→ EXERCISE DETAILS
Find every line with the string "refl" in the material below and copy it.

/---

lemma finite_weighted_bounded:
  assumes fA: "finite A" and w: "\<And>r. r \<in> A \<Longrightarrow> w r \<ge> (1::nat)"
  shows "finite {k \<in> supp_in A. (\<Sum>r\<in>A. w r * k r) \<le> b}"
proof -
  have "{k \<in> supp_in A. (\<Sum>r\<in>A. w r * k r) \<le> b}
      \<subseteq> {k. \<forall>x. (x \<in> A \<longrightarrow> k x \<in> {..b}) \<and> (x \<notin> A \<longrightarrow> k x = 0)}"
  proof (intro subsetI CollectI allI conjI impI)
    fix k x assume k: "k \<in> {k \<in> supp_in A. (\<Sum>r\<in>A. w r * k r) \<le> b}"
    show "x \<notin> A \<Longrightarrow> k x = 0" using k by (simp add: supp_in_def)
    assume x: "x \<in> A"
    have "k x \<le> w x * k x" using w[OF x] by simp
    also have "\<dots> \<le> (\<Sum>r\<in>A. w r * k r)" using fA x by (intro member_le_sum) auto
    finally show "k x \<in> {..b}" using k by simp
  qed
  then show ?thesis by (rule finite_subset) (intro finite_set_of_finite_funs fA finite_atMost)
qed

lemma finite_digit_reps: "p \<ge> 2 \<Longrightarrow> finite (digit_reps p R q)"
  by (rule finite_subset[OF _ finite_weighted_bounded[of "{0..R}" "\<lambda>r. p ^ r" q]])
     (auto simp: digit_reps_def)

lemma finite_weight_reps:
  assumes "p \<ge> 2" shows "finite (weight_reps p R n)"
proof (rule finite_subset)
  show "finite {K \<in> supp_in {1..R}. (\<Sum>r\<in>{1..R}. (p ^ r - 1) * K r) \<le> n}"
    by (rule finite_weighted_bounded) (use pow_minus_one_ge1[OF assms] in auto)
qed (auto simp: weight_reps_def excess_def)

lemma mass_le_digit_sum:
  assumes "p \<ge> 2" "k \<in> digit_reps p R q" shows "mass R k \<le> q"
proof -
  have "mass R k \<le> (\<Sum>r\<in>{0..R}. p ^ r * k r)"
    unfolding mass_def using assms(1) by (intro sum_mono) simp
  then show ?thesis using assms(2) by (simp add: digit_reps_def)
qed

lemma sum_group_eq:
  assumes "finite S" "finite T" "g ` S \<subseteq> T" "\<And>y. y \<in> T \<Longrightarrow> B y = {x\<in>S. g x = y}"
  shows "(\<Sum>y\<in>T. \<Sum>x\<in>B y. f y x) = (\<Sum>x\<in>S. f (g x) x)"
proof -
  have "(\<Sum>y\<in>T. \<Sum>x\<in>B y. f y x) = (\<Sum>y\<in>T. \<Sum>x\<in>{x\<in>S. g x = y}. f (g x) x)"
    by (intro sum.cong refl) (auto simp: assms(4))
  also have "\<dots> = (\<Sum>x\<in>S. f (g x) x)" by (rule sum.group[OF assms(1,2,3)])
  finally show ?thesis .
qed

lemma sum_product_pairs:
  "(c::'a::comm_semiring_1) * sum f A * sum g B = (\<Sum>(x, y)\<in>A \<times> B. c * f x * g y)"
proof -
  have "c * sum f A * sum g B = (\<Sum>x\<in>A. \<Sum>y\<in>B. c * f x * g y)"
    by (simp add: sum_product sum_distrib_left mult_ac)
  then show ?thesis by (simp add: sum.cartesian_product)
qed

\---
/---

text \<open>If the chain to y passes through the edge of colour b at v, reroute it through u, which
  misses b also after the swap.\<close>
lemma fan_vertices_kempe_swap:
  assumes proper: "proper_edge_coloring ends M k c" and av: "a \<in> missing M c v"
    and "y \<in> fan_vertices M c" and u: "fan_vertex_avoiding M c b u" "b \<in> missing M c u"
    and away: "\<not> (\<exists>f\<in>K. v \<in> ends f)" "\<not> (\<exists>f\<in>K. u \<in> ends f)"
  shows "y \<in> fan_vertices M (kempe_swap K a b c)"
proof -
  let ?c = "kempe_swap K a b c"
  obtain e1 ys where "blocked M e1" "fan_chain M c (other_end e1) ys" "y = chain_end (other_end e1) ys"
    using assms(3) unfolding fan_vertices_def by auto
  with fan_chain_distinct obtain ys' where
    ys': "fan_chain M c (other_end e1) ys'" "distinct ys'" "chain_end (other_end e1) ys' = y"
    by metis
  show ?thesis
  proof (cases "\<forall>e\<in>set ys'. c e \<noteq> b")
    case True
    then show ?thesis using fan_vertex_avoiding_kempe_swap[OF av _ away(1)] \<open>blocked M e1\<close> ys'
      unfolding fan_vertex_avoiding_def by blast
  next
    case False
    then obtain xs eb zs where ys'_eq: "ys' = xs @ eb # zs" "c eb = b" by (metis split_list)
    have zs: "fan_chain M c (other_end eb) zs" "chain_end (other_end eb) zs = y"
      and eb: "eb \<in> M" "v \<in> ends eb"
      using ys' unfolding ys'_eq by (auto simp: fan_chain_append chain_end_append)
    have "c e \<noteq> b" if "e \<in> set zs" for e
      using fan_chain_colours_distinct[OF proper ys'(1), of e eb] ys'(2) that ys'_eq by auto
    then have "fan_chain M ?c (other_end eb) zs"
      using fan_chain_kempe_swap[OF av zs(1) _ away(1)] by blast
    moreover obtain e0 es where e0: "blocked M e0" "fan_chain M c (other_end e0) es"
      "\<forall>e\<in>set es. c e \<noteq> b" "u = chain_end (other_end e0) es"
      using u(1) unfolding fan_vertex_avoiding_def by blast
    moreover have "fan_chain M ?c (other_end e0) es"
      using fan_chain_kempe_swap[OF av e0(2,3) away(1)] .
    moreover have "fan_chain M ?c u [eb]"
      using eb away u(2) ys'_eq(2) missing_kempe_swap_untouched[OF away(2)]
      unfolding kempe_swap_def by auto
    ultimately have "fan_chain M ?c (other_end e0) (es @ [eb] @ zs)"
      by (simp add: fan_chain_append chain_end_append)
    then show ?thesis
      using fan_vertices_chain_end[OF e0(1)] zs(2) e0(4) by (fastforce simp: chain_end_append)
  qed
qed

\---
/---

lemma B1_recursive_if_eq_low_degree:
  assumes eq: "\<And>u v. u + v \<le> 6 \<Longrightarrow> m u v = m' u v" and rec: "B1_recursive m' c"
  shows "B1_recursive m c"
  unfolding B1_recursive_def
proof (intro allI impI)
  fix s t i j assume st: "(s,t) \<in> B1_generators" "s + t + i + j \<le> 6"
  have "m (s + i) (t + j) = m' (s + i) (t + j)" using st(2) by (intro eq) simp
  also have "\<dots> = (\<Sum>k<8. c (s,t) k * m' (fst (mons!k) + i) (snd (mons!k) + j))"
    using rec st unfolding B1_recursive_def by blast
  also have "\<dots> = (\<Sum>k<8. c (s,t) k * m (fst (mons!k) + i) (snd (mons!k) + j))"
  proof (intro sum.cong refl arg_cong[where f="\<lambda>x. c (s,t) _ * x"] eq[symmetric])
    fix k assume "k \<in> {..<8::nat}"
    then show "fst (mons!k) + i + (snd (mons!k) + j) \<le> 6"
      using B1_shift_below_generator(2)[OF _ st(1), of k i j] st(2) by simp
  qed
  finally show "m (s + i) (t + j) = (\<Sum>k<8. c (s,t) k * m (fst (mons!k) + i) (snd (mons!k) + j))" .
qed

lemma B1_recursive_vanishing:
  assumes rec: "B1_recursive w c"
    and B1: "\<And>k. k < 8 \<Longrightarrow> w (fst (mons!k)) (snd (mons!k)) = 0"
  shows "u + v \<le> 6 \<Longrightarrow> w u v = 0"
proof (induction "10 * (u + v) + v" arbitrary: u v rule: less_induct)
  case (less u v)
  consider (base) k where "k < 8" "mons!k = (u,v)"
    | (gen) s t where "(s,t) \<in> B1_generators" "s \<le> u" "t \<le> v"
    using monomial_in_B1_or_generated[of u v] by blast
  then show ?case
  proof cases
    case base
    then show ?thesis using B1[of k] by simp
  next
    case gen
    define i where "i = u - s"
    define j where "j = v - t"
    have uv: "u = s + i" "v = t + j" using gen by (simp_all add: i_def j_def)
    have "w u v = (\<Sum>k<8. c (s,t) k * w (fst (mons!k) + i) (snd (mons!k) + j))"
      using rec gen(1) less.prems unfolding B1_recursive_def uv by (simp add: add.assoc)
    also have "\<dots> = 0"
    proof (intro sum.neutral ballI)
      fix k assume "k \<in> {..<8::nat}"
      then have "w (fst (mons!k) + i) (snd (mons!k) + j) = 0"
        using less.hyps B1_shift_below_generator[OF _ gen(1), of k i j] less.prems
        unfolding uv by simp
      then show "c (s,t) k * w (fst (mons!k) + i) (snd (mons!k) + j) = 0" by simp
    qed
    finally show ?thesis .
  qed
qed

\---

→ REPLY
    by (intro sum.cong refl) (auto simp: assms(4))
  proof (intro sum.cong refl arg_cong[where f="\<lambda>x. c (s,t) _ * x"] eq[symmetric])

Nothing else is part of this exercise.